What the exercise asks → Below is some data. Retype exactly the lines starting at the one with "unfolding seq_valid_snoc_fresh_conom_iff[OF assms(5-7)]" and ending at the one with "(* Let $X$ be".

>>>

definition upper_density :: "nat \<Rightarrow> int list set \<Rightarrow> ereal" where
  "upper_density n C = limsup (\<lambda>k. ereal (density_ratio n C k))"

definition sum_code :: "nat \<Rightarrow> int \<Rightarrow> int list set" where
  "sum_code n t = {x \<in> words n. (\<Sum>i<n. x ! i) mod (t + 1) = 0}"

end

theory Submission
  imports Defs
begin

text \<open>A nonzero admissible error raises the coordinate sum by some amount in \<open>1..t\<close>, so it
  leaves the code \<open>C(n;t)\<close>. Every line parallel to the first axis meets \<open>C(n;t)\<close> in
  a fraction \<open>1/(t+1)\<close> of its points, up to one point, which gives the density.

  For optimality, let \<open>s\<^sub>j\<close> (\<open>0 \<le> j \<le> t\<close>) be the error of weight \<open>j\<close> that puts
  \<open>a\<close> on the coordinates \<open>0, 1, ...\<close> in turn. If \<open>x + s\<^sub>i = x' + s\<^sub>j\<close> for codewords
  \<open>x, x'\<close> and \<open>i \<le> j\<close>, then \<open>s\<^sub>j - s\<^sub>i\<close> is an admissible error (entries in \<open>[0, a]\<close>,
  support in the first \<open>\<lceil>j/a\<rceil> \<le> h\<close> coordinates, weight \<open>j - i \<le> t\<close>), so \<open>x = x'\<close>
  and \<open>i = j\<close>. Hence the words \<open>x + s\<^sub>j\<close> are pairwise distinct, and they lie in a cube
  enlarged by \<open>a\<close>: \<open>(t + 1) |C \<inter> [-k, k]\<^sup>n| \<le> (2(k + a) + 1)\<^sup>n\<close>.\<close>

lemma cube_eq: "cube n k = {x. set x \<subseteq> {- int k..int k} \<and> length x = n}"
  unfolding cube_def words_def by (auto simp: subset_iff in_set_conv_nth)

lemma finite_cube: "finite (cube n k)"
  unfolding cube_eq by (rule finite_lists_length_eq) simp

lemma card_cube: "card (cube n k) = (2 * k + 1) ^ n"
proof -
  have "nat (2 * int k + 1) = 2 * k + 1" by (simp add: nat_eq_iff)
  then show ?thesis unfolding cube_eq by (simp add: card_lists_length_eq)
qed
lemma pi_ext_Inf:
  assumes ce: "canonical_extension e"
    and "f top = top" and "\<And>x y. f (inf x y) = inf (f x) (f y)"
  shows "Inf (pi_ext e f ` U) \<le> pi_ext e f (Inf U)"
proof -
  let ?X = "Inf (pi_ext e f ` U)"
  have "k \<le> Sup {e (f a) | a. e a \<le> w}"
    if "k \<in> closed_elems e" "k \<le> ?X" "w \<in> open_elems e" "Inf U \<le> w" for k w
  proof -
    have "Inf (e ` {a. k \<le> e (f a)}) \<le> u" if "u \<in> U" for u
      using Inf_filter_le_if_closed_le_pi_ext[OF ce mono_if_preserves_inf[OF assms(3)]]
        \<open>k \<in> closed_elems e\<close> \<open>k \<le> ?X\<close> \<open>u \<in> U\<close> by (meson INF_lower order_trans)
    then have "Inf (e ` {a. k \<le> e (f a)}) \<le> w"
      using \<open>Inf U \<le> w\<close> by (blast intro: Inf_greatest order_trans)
    then show ?thesis
      using closed_le_Sup_below_open_if_Inf_filter_le[OF ce assms(2,3) \<open>w \<in> open_elems e\<close>] by blast
  qed
  then have "Sup {k \<in> closed_elems e. k \<le> ?X} \<le> pi_ext e f (Inf U)"
    unfolding pi_ext_def by (blast intro: Sup_least Inf_greatest)
  then show ?thesis
    using canonical_extensionD(5)[OF ce, of ?X] by simp
qed

theorem mainTheorem4:
  fixes e :: "'b::bounded_lattice \<Rightarrow> 'a::complete_lattice"
    and box dia :: "'b \<Rightarrow> 'b"
    and J M :: "'a set"
    and \<Gamma> \<Delta> :: "ineq list" and A :: trm and j m :: nat
  assumes "L_algebra box dia"
    and "canonical_extension e"
    and "join_generating J"
    and "meet_generating M"
    and "m \<notin> (\<Union>g \<in> set \<Gamma>. ineq_conoms g)"
    and "m \<notin> (\<Union>d \<in> set \<Delta>. ineq_conoms d)"
    and "m \<notin> conoms A"
  shows "seq_valid e box dia J M (\<Gamma> @ [Le A (Conom m)]) (Le (Nom j) (TBox (Conom m)) # \<Delta>)
     \<longleftrightarrow> seq_valid e box dia J M \<Gamma> (Le (Nom j) (TBox A) # \<Delta>)"
proof -
  have "box top = top" and "\<And>x y. box (inf x y) = inf (box x) (box y)"
    using assms(1) unfolding L_algebra_def by blast+
  then have "\<And>U. Inf (pi_ext e box ` U) \<le> pi_ext e box (Inf U)"
    using pi_ext_Inf[OF assms(2)] by blast
  then have le_pi_ext_iff: "y \<le> pi_ext e box a \<longleftrightarrow> (\<forall>x \<in> M. a \<le> x \<longrightarrow> y \<le> pi_ext e box x)" for y a
    using le_iff_forall_meet_generating_above[OF assms(4)] pi_ext_mono by (metis monoI)
  show ?thesis
    unfolding seq_valid_snoc_fresh_conom_iff[OF assms(5-7)]
    by (simp add: seq_valid_def le_pi_ext_iff[symmetric])
qed
(* Let $X$ be a $T_0$ space. Then $\mathcal{O}(\mathcal{GSI}_2(X))=\mathcal{O}_{SI_2}(X)$; that is, a subset $U\subseteq X$ is $SI_2$-open if and only if whenever a net $(x_i)_{i\in I}$ in $X$ $GSI_2$-converges to some $x\in U$, then $x_i\in U$ eventually.
   Context: For a $T_0$ space $X$, the specialization order is $x\le y$ iff $x\in \mathrm{cl}\{y\}$; all order notions refer to it. For $A\subseteq X$, $\uparrow A=\{x: a\le x \text{ for some } a\in A\}$, $\uparrow x=\uparrow\{x\}$; $A^{\uparrow}$ is the set of upper bounds of $A$, $A^{\downarrow}$ the set of lower bounds, and $A^\delta=(A^\uparrow)^\downarrow$. A nonempty $A\subseteq X$ is irreducible if whenever $A\subseteq F_1\cup F_2$ with $F_1,F_2$ closed, then $A\subseteq F_1$ or $A\subseteq F_2$; $\mathrm{Irr}(X)$ is the set of irreducible subsets. $X^{(<\omega)}$ is the set of nonempty finite subsets of $X$. $P_S(X)$ is the set $Q(X)$ of nonempty compact saturated (upper) subsets of $X$ with the upper Vietoris topology, whose basis is $\{\square U: U\text{ open}\}$, $\square U=\{Q\in Q(X): Q\subseteq U\}$. A net is eventually in $U$ if from some index on all its terms lie in $U$. A subset $U\subseteq X$ is $SI_2$-open if $U$ is open in $X$ and for every $F\in\mathrm{Irr}(X)$, $F^\delta\cap U\ne\emptyset$ implies $F\cap U\neq\emptyset$; these form the topology $\mathcal{O}_{SI_2}(X)$. A net $(x_i)_{i\in I}$ $GSI_2$-converges to $x$ if there exists $\mathcal F\subseteq X^{(<\omega)}$ with $\{\uparrow F:F\in\mathcal F\}$ irreducible in $P_S(X)$ such that (i) for every open $U$, if $\uparrow F\subseteq U$ for some $F\in\mathcal F$ then $x_i\in U$ eventually, and (ii) $\bigcap_{F\in\mathcal F}\uparrow F\subseteq\uparrow x$. $\mathcal{O}(\mathcal{GSI}_2(X))$ denotes the set of all $U\subseteq X$ such that whenever a net $GSI_2$-converges to a point of $U$, it is eventually in $U$. *)

theory Defs
  imports "HOL-Analysis.Analysis"
begin

definition spec_le :: "'a topology \<Rightarrow> 'a \<Rightarrow> 'a \<Rightarrow> bool" where
  "spec_le X x y \<longleftrightarrow> x \<in> topspace X \<and> y \<in> topspace X \<and> x \<in> X closure_of {y}"

definition upset :: "'a topology \<Rightarrow> 'a set \<Rightarrow> 'a set" where
  "upset X A = {x \<in> topspace X. \<exists>a\<in>A. spec_le X a x}"

definition upper_bounds :: "'a topology \<Rightarrow> 'a set \<Rightarrow> 'a set" where
  "upper_bounds X A = {y \<in> topspace X. \<forall>a\<in>A. spec_le X a y}"

definition lower_bounds :: "'a topology \<Rightarrow> 'a set \<Rightarrow> 'a set" where
  "lower_bounds X A = {y \<in> topspace X. \<forall>a\<in>A. spec_le X y a}"

definition delta_cut :: "'a topology \<Rightarrow> 'a set \<Rightarrow> 'a set" where
  "delta_cut X A = lower_bounds X (upper_bounds X A)"

definition irreducible_in :: "'a topology \<Rightarrow> 'a set \<Rightarrow> bool" where
  "irreducible_in X A \<longleftrightarrow> A \<noteq> {} \<and> A \<subseteq> topspace X \<and>
     (\<forall>F1 F2. closedin X F1 \<longrightarrow> closedin X F2 \<longrightarrow> A \<subseteq> F1 \<union> F2 \<longrightarrow> A \<subseteq> F1 \<or> A \<subseteq> F2)"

<<<

Answer to this exercise →
    unfolding seq_valid_snoc_fresh_conom_iff[OF assms(5-7)]
    by (simp add: seq_valid_def le_pi_ext_iff[symmetric])
qed
(* Let $X$ be a $T_0$ space. Then $\mathcal{O}(\mathcal{GSI}_2(X))=\mathcal{O}_{SI_2}(X)$; that is, a subset $U\subseteq X$ is $SI_2$-open if and only if whenever a net $(x_i)_{i\in I}$ in $X$ $GSI_2$-converges to some $x\in U$, then $x_i\in U$ eventually.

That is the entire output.